Scientific classification
- Kingdom: Plantae
- Clade: Tracheophytes
- Clade: Angiosperms
- Clade: Eudicots
- Clade: Rosids
- Order: Rosales
- Family: Rosaceae
- Genus: Crataegus
- Section: Crataegus sect. Crataegus
- Series: Crataegus ser. Crataegus
- Species: C. laevigata
- Binomial name: Crataegus laevigata (Poir.) DC.
- Synonyms: C. oxyacanthoides Thuil.; Mespilus laevigata Poir.;

= Crataegus laevigata =

- Genus: Crataegus
- Species: laevigata
- Authority: (Poir.) DC.
- Conservation status: LC
- Synonyms: C. oxyacanthoides Thuil., Mespilus laevigata Poir.

Species of plant

Crataegus laevigata, known as the Midland hawthorn, English hawthorn, woodland hawthorn, or mayflower, is a species of hawthorn native to western and central Europe, from Great Britain (where it is typically found in ancient woodland and old hedgerows) and Spain, east to Romania and Ukraine.
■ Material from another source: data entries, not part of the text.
lemma (in group) nilpotent_normal_subgroup_card_prod:
  assumes fin: "finite (carrier G)" and nil: "nilpotent_class_le G c"
    and "finite Q" "\<forall>q\<in>Q. Factorial_Ring.prime (q::nat)"
  shows "\<exists>H. H \<lhd> G \<and> card H = (\<Prod>q\<in>Q. q ^ multiplicity q (order G))"
  using assms(3,4)
proof (induction Q rule: finite_induct)
  case empty
  then show ?case
    using one_is_normal by auto
next
  case (insert q Q)
  then obtain H where H: "H \<lhd> G" "card H = (\<Prod>q\<in>Q. q ^ multiplicity q (order G))"
    by auto
  obtain S where S: "S \<lhd> G" "card S = q ^ multiplicity q (order G)"
    using nilpotent_normal_Sylow_subgroup_exists[OF fin nil] insert.prems by auto
  have subgroups: "subgroup H G" "subgroup S G"
    using H(1) S(1) normal_imp_subgroup by blast+
  then have finite: "finite H" "finite S"
    using fin subgroup.subset finite_subset by blast+
  have "coprime (r ^ multiplicity r (order G)) (q ^ multiplicity q (order G))" if "r \<in> Q" for r
    using that insert by (auto intro: primes_coprime)
  then have "coprime (card H) (card S)"
    unfolding H(2) S(2) by (rule prod_coprime_left)
  then have "card (H <#> S) = card H * card S"
    using card_set_mult_inter_trivial coprime_card_subgroups_inter subgroups finite by simp
  then have "card (H <#> S) = (\<Prod>q\<in>insert q Q. q ^ multiplicity q (order G))"
    using H(2) S(2) insert.hyps by simp
  then show ?case
    using normal_subgroup_set_mult_closed[OF H(1) S(1)] by blast
qed

lemma prime_power_times_prod_other_prime_factors:
  fixes n p :: nat
  assumes "n > 0" "Factorial_Ring.prime p"
  shows "n = p ^ multiplicity p n * (\<Prod>q\<in>prime_factors n - {p}. q ^ multiplicity q n)"
proof (cases "p \<in> prime_factors n")
  case True
  then show ?thesis
    using prime_factorization_nat[OF assms(1)] by (simp add: prod.remove)
next
  case False
  then have "multiplicity p n = 0"
    using assms by (simp add: in_prime_factors_iff not_dvd_imp_multiplicity_0)
  then show ?thesis
    using False prime_factorization_nat[OF assms(1)] by simp
qed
The species name is sometimes spelt C. levigata, but the original orthography is C. lævigata.

==Description==
It is a large shrub or small tree growing to 8 m or rarely to 12 m tall, with a dense crown. The leaves are 2–6 cm long and 2–5 cm broad, with two or three shallow, forward-pointing lobes on each side of the leaf. The hermaphrodite flowers are produced in corymbs of 6 to 12, each flower with five white or pale pink petals and two or sometimes three styles. They are pollinated by insects. The fruit is a dark red pome 6–10 mm diameter, slightly broader than long, containing two or three nutlets.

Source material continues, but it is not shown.